Environment and Experiment Plan

Paper, Order, or Assignment Requirements



Environment and Experiment Plan



Prepare a controlled environment to run experiments.

Write a summary report that justifies the controlled environment.

Write an experiment plan that explains the approach taken to understand the artefacts created by the software.



You will prepare and demonstrate a controlled environment. You should identify any environment control mechanisms you have added to avoid any confounding factors having an impact upon your experiments.


Your controlled environment would normally be contained within a virtual machine. It is highly advisable for you to use a virtual machine.


Your controlled environment should be well-considered and not simply be an installation of Windows. You should consider the setup of the operating system, the setup of the hardware, and ensure that only necessary services or background programs are running. Anything that can have an adverse effect on the data should be prevented from running. You should consider which services are necessary to run the software correctly, and disable any unnecessary services. Be careful not to disable too many, otherwise you may prevent some artefacts from being created that would normally be created.

You will create an experiment plan for each file system artefact. The software contains 4 file system artefacts and you must therefore provide 4 individual plans, one for each file system artefact.


The experiment plan should provide enough information that you could give it to another forensic investigator for them to run the experiments on your behalf. You should use divide and conquer techniques to identify a list of experiments that you will perform. Each experiment you identify should contribute towards identifying the data structures contained within the data files created by the software.
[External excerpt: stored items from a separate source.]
(* Let $Q=[0,1]^3$ and for a finite set $Y\subseteq Q$ let $E(Y)=\int_Q\operatorname{dist}^2(x,Y)\,dx=\sum_{y\in Y}\int_{V_y}|x-y|^2dx$, where $V_y=\{x\in Q:|x-y|\le|x-z|\ \forall z\in Y\}$ is the Voronoi cell of $y$. For each $n$ let $Y_n$ be a minimizer of $E$ among sets of $n$ points in $Q$. Let $\Omega\subseteq Q$ be an arbitrary cube with positive volume. Then for all sufficiently large $n$: (1) the contribution to the energy, $\sum\int_{V_y}|x-y|^2dx$, of the Voronoi cells $V_y$ ($y\in Y_n$) intersecting $\partial\Omega$ is of order $O(n^{-1})$; (2) the contribution to the energy of the Voronoi cells contained in $\Omega$ and not intersecting $\partial\Omega$ is of order $O(n^{-2/3})$. Consequently, the energy contribution of the Voronoi cells intersecting $\partial\Omega$ is negligible compared to the energy contribution of the Voronoi cells in $\Omega$ not intersecting $\partial\Omega$. *)

theory Defs
  imports "HOL-Analysis.Analysis" "HOL-Library.Landau_Symbols"
begin

type_synonym pt = "real ^ 3"

definition Qcube :: "pt set" where
  "Qcube = cbox 0 One"

definition energy :: "pt set \<Rightarrow> real" where
  "energy Y = integral Qcube (\<lambda>x. (infdist x Y)\<^sup>2)"

definition voronoi :: "pt set \<Rightarrow> pt \<Rightarrow> pt set" where
  "voronoi Y y = {x \<in> Qcube. \<forall>z\<in>Y. dist x y \<le> dist x z}"

definition cell_energy :: "pt set \<Rightarrow> pt \<Rightarrow> real" where
  "cell_energy Y y = integral (voronoi Y y) (\<lambda>x. (dist x y)\<^sup>2)"

definition is_minimizer :: "nat \<Rightarrow> pt set \<Rightarrow> bool" where
  "is_minimizer n Y \<longleftrightarrow> finite Y \<and> card Y = n \<and> Y \<subseteq> Qcube \<and>
     (\<forall>Z. finite Z \<and> card Z = n \<and> Z \<subseteq> Qcube \<longrightarrow> energy Y \<le> energy Z)"

definition is_cube :: "pt set \<Rightarrow> bool" where
  "is_cube \<Omega> \<longleftrightarrow> (\<exists>a s. s > 0 \<and> \<Omega> = cbox a (a + s *\<^sub>R One))"

definition boundary_energy :: "pt set \<Rightarrow> pt set \<Rightarrow> real" where
  "boundary_energy \<Omega> Y = (\<Sum>y\<in>{y\<in>Y. voronoi Y y \<inter> frontier \<Omega> \<noteq> {}}. cell_energy Y y)"

definition interior_energy :: "pt set \<Rightarrow> pt set \<Rightarrow> real" where
  "interior_energy \<Omega> Y = (\<Sum>y\<in>{y\<in>Y. voronoi Y y \<subseteq> \<Omega> \<and> voronoi Y y \<inter> frontier \<Omega> = {}}. cell_energy Y y)"

end

theory Submission
  imports Defs "HOL-Real_Asymp.Real_Asymp"
begin

text \<open>
  The heart of the matter is that an optimal configuration \<open>Y\<close> of \<open>n\<close> points has covering
  radius \<open>\<rho> = O(n^(-1/3))\<close>. Let \<open>x0\<close> be a point of the cube farthest from \<open>Y\<close>. By
  averaging, at least \<open>n/2\<close> cells have volume at most \<open>2/n\<close>, and by pigeonhole two of their
  centres \<open>y1, y2\<close> are at distance \<open>d = O(n^(-1/3))\<close>. Moving \<open>y1\<close> to \<open>x0\<close> costs at most
  \<open>(2 d \<rho> + d\<^sup>2) 2/n\<close> on the cell of \<open>y1\<close> and gains at least a constant times \<open>\<rho>^5\<close> near
  \<open>x0\<close>; optimality forces \<open>\<rho> n^(1/3) \<le> 24\<close>.

  A cell has diameter at most \<open>2\<rho>\<close>, so the cells meeting the boundary of \<open>\<Omega>\<close> lie in six
  slabs of width \<open>4\<rho>\<close> and carry energy \<open>O(\<rho>^3) = O(1/n)\<close>. The cells inside \<open>\<Omega>\<close> carry
  energy at most \<open>\<rho>\<^sup>2\<close>; conversely they cover the concentric cube shrunk by \<open>3\<rho>\<close>, on which
  \<open>dist\<^sup>2(x, Y) \<ge> r\<^sup>2\<close> off \<open>n\<close> cubes of side \<open>2r\<close>. Taking \<open>r\<close> a small multiple of
  \<open>n^(-1/3)\<close> gives the matching lower bound of order \<open>n^(-2/3)\<close>.
\<close>

(* the simp normal form of One $ i *)
lemma sum_Basis_nth [simp]: "(\<Sum>x\<in>Basis. x $ i) = (1 :: real)"
  by (simp add: sum_component[symmetric] Cart_1[symmetric])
Your plan should contain enough information so that another forensic investigator would know exactly how to approach the experimentation task.


The list of experiments (produced using divide and conquer techniques) should provide a summary of what you intend to achieve.

There are 4 file artefacts for you to examine. For each data artefact you should provide a list of experiments that you will perform to understand the data inside those file artefacts. For one of those experiments you should provide a detailed plan of how you will perform the experiment.


Important: Don’t use the same experiment 4 times. You should choose a different experiment each time – you will lose marks for repeating the same experiment.

Your plan should identify how you will:-


  • Move from one file artefact state to another
  • Isolate each individual data structure artefact
    • Isolate grouped data structure artefacts
    • Isolate individual data structure artefacts
  • Understand what the software does to update the file system artefact metadata
    • Modified, Accessed, Created – and other metadata
  • Analyse the data and draw conclusions


1.The 4 file system artefacts for the assignment are:


  1. Registry
  2. Modules.XML (ignore modules.dat)
  3. Student data (contained information about the student and their emergency contacts)
  4. Studentname.dat (e.g. Dempsey_john.dat) which contained information about which modules they had


  1. For each data artefact (file) I’m expecting,


  1. A list of experiments – using divide and conquer – that explain what the experiment will achieve
  2. Take one item from this list of experiments and turn it into a detailed experiment design


For example, if I used divide and conquer to design something along the lines of,

  1. ABC

1.1   ABC.XY

1.2   ABC.XZ

1.3   ABC.XYZ

1.3.1          ABC.XZ

1.3.2          ABC.YZ

1.4   PROBLEM 1

1.5   PROBLEM 2

1.5.1          PROBLEM 2.1

1.5.2          PROBLEM 2.2



The list above is meant to demonstrate that you are breaking down a big problem into lots of little experiments.


Which one would I want you to turn into an experiment? Any. I don’t really care – I want to see that you can design a scientific experiment.

If you design an experiment for 1 (ABC) then it will encompass 1.2, 1.3, 1.4 and 1.5.

If you design an experiment for 1.1 then you are only designing 1.1

If you design an experiment for 1.5.1 then you are only designing 1.5.1


If it was me, I wouldn’t design an experiment for 1 (ABC) as this would be a relatively large experiment to design (because it would include 9 other smaller experiments).


The only stipulation is that you should choose the same type of experiment to design over and over again – if your experiment design looks exactly the same, but with a few words different, then it is not original and you should consider changing it.




You don’t have to take this advice – you can ignore it if you want.

You can choose your experiments around the following,


  1. Experiment to isolate and prove the data type of 1 piece of data within the first data artefact (file)
  2. Experiment to isolate and attempt to disprove the data type of 1 piece of data within second data artefact (file)
  3. Experiment to explain how MAC times are created when data is entered within the third data artefact (file)
  4. Experiment to check that nothing else is created within the file system when data is added/changed/deleted within the fourth data artefact (file)


If you follow this type of experiment then each attempts to do something differently.